Page 14 - Pharmacy History 34 February 2008
P. 14

Could we have dispensed with water?
Apart from under unusual circumstances, such as those caused by natural flooding as a result of unseasonable rain pharmacists today have little problem with water: they just turn the tap and there it is – water suitable for drinking and most dispensing purposes. Peter Homan, honorary secretary of the British Society for the History of Pharmacy, takes a look at a time when things were not so simple.
Water is the substance of life.
It can also terminate human life if
the life it supports causes diseases such as cholera or typhus. Up to and including the middle of the 19th Century sources of drinking water included distilled water, rainwater, well water, mineral springs, lakes, streams and rivers. It would have been unfortunate for the 18th or 19th Century apothecary, chemist and druggist or pharmacist if the water he used was killing off his clientele.

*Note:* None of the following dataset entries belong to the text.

lemma card_adjacent_to_all_but_one_ge_Kt_free:
  assumes g: "simple_graph V E" and kf: "Kt_free V E (k + 4)"
    and deg: "min_degree_ge V E (degree_threshold (k + 4) + \<epsilon>)"
    and S: "S \<subseteq> V" "card S = k + 5" and "\<epsilon> > 0"
    and dis: "pairwise_eps_disjoint V E (k + 4) \<epsilon>' S" and "0 \<le> \<epsilon>'" "\<epsilon>' \<le> \<epsilon> ^ 3 / 4"
  shows "\<epsilon> * real (card V) \<le> real (card {w\<in>V. k + 4 \<le> card {s\<in>S. E w s}})"
proof (cases "k = 0")
  case True
  then show ?thesis
    using card_adjacent_to_all_but_one_ge_K4_free[of V E \<epsilon> S \<epsilon>'] assms by simp
next
  case False
  then show ?thesis using card_adjacent_to_all_but_one_ge[OF g deg S _ \<open>\<epsilon> > 0\<close>] by simp
qed

section \<open>The induction step\<close>

lemma sum_F_uv_neighbourhood_gt:
  assumes IH: "no_disjoint_tuple (k + 3) (\<epsilon> / 2) \<epsilon>''" and "\<epsilon>'' > 0"
    and g: "simple_graph V E" and kf: "Kt_free V E (k + 4)"
    and deg: "min_degree_ge V E (degree_threshold (k + 4) + \<epsilon>)" and "\<epsilon> > 0"
    and v: "v \<in> V" and fS: "finite S" and S_nb: "k + 4 \<le> card {s\<in>S. E v s}"
  shows "\<epsilon>'' * ((4 / (3 * real k + 7) * real (card V)) ^ (k + 1) / fact (k + 1))
    < (\<Sum>s\<in>S. \<Sum>s'\<in>S-{s}. real (card (F_uv (neighbours E v) (induced E (neighbours E v)) (k + 3) s s')))"
proof -
  define N where "N = neighbours E v"
  have "simple_graph N (induced E N)"
    using simple_graph_induced[OF g neighbours_subset[OF g]] by (simp add: N_def)
  moreover have "Kt_free N (induced E N) (k + 3)"
    using Kt_free_neighbourhood[OF g _ v, of "k + 3"] kf by (simp add: N_def add.commute)
  moreover have "min_degree_ge N (induced E N) (degree_threshold (k + 3) + \<epsilon> / 2)"
    using min_degree_ge_neighbourhood[OF g deg \<open>\<epsilon> > 0\<close> v] by (simp add: N_def)
  ultimately have no_tuple: "\<not> (\<exists>S' \<subseteq> N. card S' = k + 4 \<and> pairwise_eps_disjoint N (induced E N) (k + 3) \<epsilon>'' S')"
    using IH unfolding no_disjoint_tuple_def by (simp add: add.commute)
  obtain S' where S': "S' \<subseteq> {s\<in>S. E v s}" "card S' = k + 4"
    using S_nb by (meson obtain_subset_with_card_n)
  then have "S' \<subseteq> N" by (auto simp: N_def neighbours_def)
  then obtain s s' where ss': "s \<in> S'" "s' \<in> S'" "s \<noteq> s'"
    and "\<not> eps_disjoint N (induced E N) (k + 3) \<epsilon>'' s s'"
    using no_tuple S'(2) by (auto simp: pairwise_eps_disjoint_def)
  then have F_large: "\<epsilon>'' * real (card (cliques_in V E (k + 1) N)) < real (card (F_uv N (induced E N) (k + 3) s s'))"
    using cliques_induced[OF neighbours_subset[OF g], of v] by (simp add: eps_disjoint_def N_def)
  have "\<epsilon>'' * ((4 / (3 * real k + 7) * real (card V)) ^ (k + 1) / fact (k + 1))
      \<le> \<epsilon>'' * real (card (cliques_in V E (k + 1) N))"
    using mult_left_mono[OF card_cliques_in_neighbourhood_ge[OF g deg \<open>\<epsilon> > 0\<close> v], of \<epsilon>''] \<open>\<epsilon>'' > 0\<close>
    by (simp only: N_def Suc_eq_plus1 less_imp_le)
  also have "\<dots> < real (card (F_uv N (induced E N) (k + 3) s s'))" by (rule F_large)
  also have "\<dots> \<le> (\<Sum>s'\<in>S-{s}. real (card (F_uv N (induced E N) (k + 3) s s')))"
    using ss' S'(1) fS by (intro member_le_sum) auto
  also have "\<dots> \<le> (\<Sum>s\<in>S. \<Sum>s'\<in>S-{s}. real (card (F_uv N (induced E N) (k + 3) s s')))"
    using ss' S'(1) fS by (intro member_le_sum[where f = "\<lambda>s. \<Sum>s'\<in>S-{s}. _ s s'"] sum_nonneg) auto
  finally show ?thesis by (simp add: N_def)
qed
(* Let $n\ge2$, $c>0$, and $d\mu=e^{c|x|^2}dx$ on $\mathbb R^n$, with $\|g\|_2^2=\int_{\mathbb R^n}|g|^2\,d\mu$. Then $$\inf\Big\{\frac{\|\nabla u\|_2^2}{\|u\|_2^2}: u\in C_0^\infty(\mathbb R^n),\ u\ne0\Big\}=2cn=\frac{\|\nabla(e^{-c|x|^2})\|_2^2}{\|e^{-c|x|^2}\|_2^2}.$$ *)

theory Defs
  imports "HOL-Analysis.Analysis"
begin

fun Ck :: "nat \<Rightarrow> ('a::euclidean_space \<Rightarrow> real) \<Rightarrow> bool" where
  "Ck 0 f = continuous_on UNIV f"
| "Ck (Suc k) f = (f differentiable_on UNIV \<and>
      (\<forall>v. Ck k (\<lambda>x. frechet_derivative f (at x) v)))"

definition C_inf :: "('a::euclidean_space \<Rightarrow> real) \<Rightarrow> bool" where
  "C_inf f = (\<forall>k. Ck k f)"

definition C0_inf :: "('a::euclidean_space \<Rightarrow> real) \<Rightarrow> bool" where
  "C0_inf f = (C_inf f \<and> compact (closure {x. f x \<noteq> 0}))"

definition grad :: "('a::euclidean_space \<Rightarrow> real) \<Rightarrow> 'a \<Rightarrow> 'a" where
  "grad u x = (\<Sum>i\<in>Basis. frechet_derivative u (at x) i *\<^sub>R i)"

definition gmu :: "real \<Rightarrow> 'a::euclidean_space measure" where
  "gmu c = density lborel (\<lambda>x. ennreal (exp (c * norm x ^ 2)))"

definition L2sq :: "real \<Rightarrow> ('a::euclidean_space \<Rightarrow> 'b::real_normed_vector) \<Rightarrow> real" where
  "L2sq c g = integral\<^sup>L (gmu c) (\<lambda>x. norm (g x) ^ 2)"

end

theory Submission
  imports Defs "HOL-Probability.Probability" "HOL-Computational_Algebra.Polynomial"
begin

text \<open>For compactly supported smooth \<open>u\<close> and \<open>w = e\<^sup>c\<^sup>|\<^sup>x\<^sup>|\<^sup>2\<close>, expanding the square gives
  \<open>|\<nabla>u + 2c u x|\<^sup>2 w = |\<nabla>u|\<^sup>2 w + 2c x \<bullet> \<nabla>(u\<^sup>2 w)\<close>. By scaling, the radial derivative
  \<open>x \<bullet> \<nabla>h\<close> of any \<open>h\<close> integrates to \<open>-n \<integral> h\<close>, so
  \<open>\<parallel>\<nabla>u\<parallel>\<^sup>2 = 2cn \<parallel>u\<parallel>\<^sup>2 + \<integral> |\<nabla>u + 2c u x|\<^sup>2 w \<ge> 2cn \<parallel>u\<parallel>\<^sup>2\<close>. The Gaussian \<open>e\<^sup>-\<^sup>c\<^sup>|\<^sup>x\<^sup>|\<^sup>2\<close>
  solves \<open>\<nabla>u + 2c u x = 0\<close> and attains \<open>2cn\<close>; cutting it off smoothly at \<open>|x|\<^sup>2 = 2/a\<close>
  changes the quotient by \<open>O(a)\<close>, so \<open>2cn\<close> is also the infimum over \<open>C\<^sub>0\<^sup>\<infinity>\<close>.\<close>

section \<open>Smooth functions\<close>

lemma Ck_SucI:
  assumes "\<And>x. (f has_derivative D x) (at x)" "\<And>v. Ck k (\<lambda>x. D x v)"
  shows "Ck (Suc k) f"
proof -
  have "f differentiable_on UNIV"
    using assms(1) unfolding differentiable_on_def differentiable_def by blast
  moreover have "(\<lambda>x. frechet_derivative f (at x) v) = (\<lambda>x. D x v)" for v
    using frechet_derivative_at[OF assms(1)] by auto
  ultimately show ?thesis using assms(2) by simp
qed

lemma Ck_SucD:
  assumes "Ck (Suc k) f"
  shows "(f has_derivative frechet_derivative f (at x)) (at x)"
    and "Ck k (\<lambda>x. frechet_derivative f (at x) v)"
  using assms by (simp_all add: differentiable_on_def frechet_derivative_works)

lemma Ck_Suc_imp_Ck: "Ck (Suc k) f \<Longrightarrow> Ck k f"
  by (induction k arbitrary: f) (simp_all add: differentiable_imp_continuous_on)

lemma Ck_const: "Ck k (\<lambda>x. b)"
proof (induction k arbitrary: b)
  case (Suc k)
  show ?case by (rule Ck_SucI[where D="\<lambda>x v. 0"]) (auto intro: Suc)
qed simp

lemma Ck_add: "Ck k f \<Longrightarrow> Ck k g \<Longrightarrow> Ck k (\<lambda>x. f x + g x)"
proof (induction k arbitrary: f g)
  case (Suc k)
  show ?case
    by (rule Ck_SucI[OF has_derivative_add[OF Ck_SucD(1)[OF Suc.prems(1)] Ck_SucD(1)[OF Suc.prems(2)]]])
      (rule Suc.IH[OF Ck_SucD(2)[OF Suc.prems(1)] Ck_SucD(2)[OF Suc.prems(2)]])
qed (simp add: continuous_on_add)

lemma Ck_mult: "Ck k f \<Longrightarrow> Ck k g \<Longrightarrow> Ck k (\<lambda>x. f x * g x)"
proof (induction k arbitrary: f g)
  case (Suc k)
  show ?case
  proof (rule Ck_SucI[OF has_derivative_mult[OF Ck_SucD(1)[OF Suc.prems(1)] Ck_SucD(1)[OF Suc.prems(2)]]])
    fix v :: 'a
    show "Ck k (\<lambda>x. f x * frechet_derivative g (at x) v + frechet_derivative f (at x) v * g x)"
      using Suc.prems by (intro Ck_add Suc.IH Ck_SucD(2) Ck_Suc_imp_Ck[of k])
  qed
qed (simp add: continuous_on_mult)

lemma Ck_inner_left: "Ck k (\<lambda>x. x \<bullet> a)"
proof (cases k)
  case (Suc m)
  show ?thesis unfolding Suc
    by (rule Ck_SucI[where D="\<lambda>x v. v \<bullet> a"]) (auto intro!: derivative_eq_intros Ck_const)
qed (simp add: continuous_on_inner)
lemma qfun_diff_sq_div_sum_le:
  assumes "x1 + x2 + x3 + x4 = 0" "x1 + x2 \<noteq> 0"
    and M: "M = max (max \<bar>x1\<bar> \<bar>x2\<bar>) (max \<bar>x3\<bar> \<bar>x4\<bar>)"
  defines "A \<equiv> qfun a x1 x2" and "B \<equiv> qfun a x3 x4"
  shows "(A - B)\<^sup>2 / (A + B) \<le> 4 * \<bar>x2 + x3\<bar> * (((4 + 10 * K)\<^sup>2 + 2 * (1 + K)) * a M / M)"
proof -
  define m C where "m = x2 + x3" and "C = 4 + 10 * K"
  have M_pos: "M > 0" using assms(2) unfolding M by auto
  have "x3 + x4 \<noteq> 0" using assms(1,2) by linarith
  have "A > 0" "B > 0" unfolding A_def B_def by (fact qfun_pos[OF assms(2)], fact qfun_pos[OF \<open>x3 + x4 \<noteq> 0\<close>])
  note sum_bounds = qfun_sum_bounds[OF assms(1,2) M, folded A_def B_def]
  \<comment> \<open>near the diagonal \<open>\<xi>\<^sub>2\<^sub>3 = 0\<close> the mean value theorem makes \<open>A - B\<close> small, away from it the crude bound suffices\<close>
  have "(A - B)\<^sup>2 / (A + B) \<le> 4 * \<bar>m\<bar> * ((C\<^sup>2 + 2 * (1 + K)) * a M / M)"
  proof (cases "4 * \<bar>m\<bar> \<le> M")
    case True
    have "\<bar>A - B\<bar> \<le> 2 * C * \<bar>m\<bar> * a M / M"
      using qfun_diff_le[OF assms(1,2) M] True unfolding A_def B_def C_def m_def by simp
    then have "(A - B)\<^sup>2 \<le> (2 * C * \<bar>m\<bar> * a M / M)\<^sup>2"
      by (metis abs_ge_zero order_trans power2_abs power_mono)
    then have "(A - B)\<^sup>2 / (A + B) \<le> (2 * C * \<bar>m\<bar> * a M / M)\<^sup>2 / (a M / 2)"
      using sum_bounds(1) a_pos[of M] by (intro frac_le) auto
    also have "\<dots> = 4 * \<bar>m\<bar> * (C\<^sup>2 * a M / M * (2 * \<bar>m\<bar> / M))"
      using a_pos[of M] M_pos by (simp add: power2_eq_square field_simps)
    also have "\<dots> \<le> 4 * \<bar>m\<bar> * (C\<^sup>2 * a M / M)"
      using True M_pos a_pos[of M] by (intro mult_left_mono mult_left_le) auto
    also have "\<dots> \<le> 4 * \<bar>m\<bar> * ((C\<^sup>2 + 2 * (1 + K)) * a M / M)"
      using K_pos a_pos[of M] M_pos by (intro mult_left_mono divide_right_mono mult_right_mono) auto
    finally show ?thesis .
  next
    case False
    have "(A - B)\<^sup>2 / (A + B) \<le> A + B"
      using \<open>A > 0\<close> \<open>B > 0\<close> by (simp add: power2_eq_square divide_simps algebra_simps)
    also have "\<dots> \<le> 2 * (1 + K) * a M" by (fact sum_bounds(2))
    also have "\<dots> = M * (2 * (1 + K) * a M / M)" using M_pos by simp
    also have "\<dots> \<le> 4 * \<bar>m\<bar> * (2 * (1 + K) * a M / M)"
      using False M_pos K_pos a_pos[of M] by (intro mult_right_mono) auto
    also have "\<dots> \<le> 4 * \<bar>m\<bar> * ((C\<^sup>2 + 2 * (1 + K)) * a M / M)"
      using M_pos a_pos[of M] by (intro mult_left_mono divide_right_mono mult_right_mono) auto
    finally show ?thesis .
  qed
  then show ?thesis unfolding m_def C_def .
qed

Physicians would sometimes write in their prescriptions the type of water that they required to be used. The two most common were aqua fontana (spring water) or aqua destillata (distilled water), but others included aqua communis (common or plain water), aqua puteana (well water) and aqua pura (filtered water).
Moreover, some physicians prescribed pills or powders with instructions to the patient to take them with ‘small beer’, a weak beer resulting from a second fermentation of the beer mash. This was slightly safer (and, perhaps, more palatable) than drinking water because the water used had been boiled before the brewing process.
Royal Doulton filter
The source
According to Pereira’s ‘Materia medica’ (1854), ‘besides rainwater some spring, well, and river waters are remarkable for their purity. The water of the Malvern springs is remarkable for its extreme purity. According to Sir Charles Scudamore’s analysis this water contains only about a third part of the solid matter found by Mr R. Phillips in Thames water taken at Chelsea.’
Pereira makes further comments about various waters. He noted that the purer the water the more it would be contaminated with lead from storage vessels and water pipes. Distilled water, however, had no action on lead provided air had been excluded. In addition, mineral water appeared to have a ‘protective action’ against lead poisoning that varied according to its contents.
However, it was not until 1885 that the British Pharmacopoeia stated: ‘In dispensing prescriptions, aqua should
be understood to mean distilled water.’ Aqua fontana was not to be used unless specifically ordered. For official preparations it said: ‘Natural water, the purest that can be obtained, cleared, if necessary by filtration;
free from odour, unusual taste, and visible impurity. To be used whenever “Water” is ordered in the British Pharmacopoeia.’ The monograph on distilled water describes its preparation as:
Take of water 10 gallons.
Distil from a copper still, connected with a block-tin worm; reject the first half-gallon, and preserve the next eight gallons.
In The art of dispensing (1895) it is suggested that the water should be boiled before use to drive off any absorbed carbon dioxide which might precipitate salts from medicinal ingredients. The water should be freshly prepared and each five gallons (22L) should have 10 grains (600mg) of potassium permanganate and
one drachm (3.5ml) of sulphuric acid added to destroy any organic matter that might contaminate it.
According to Pereira, rainwater
was suspect. It was not too pure in industrial towns – having passed through heavily polluted atmosphere – and could easily be contaminated with lead via gutters, gulleys and drainpipes. Collection of rainwater for dispensing should be collected at a distance from the town. Melted snow from the countryside was acceptable.
Well water was similar to spring or mineral water. It was recommended that the well should be at least 20m deep, have an impervious lining and was not situated less than 100m from a cesspool. It also required a well- sealed cover on a raised brick wall and a pump – a bucket on a rope is
a romantic image but was an easy source of contamination unless kept scrupulously clean.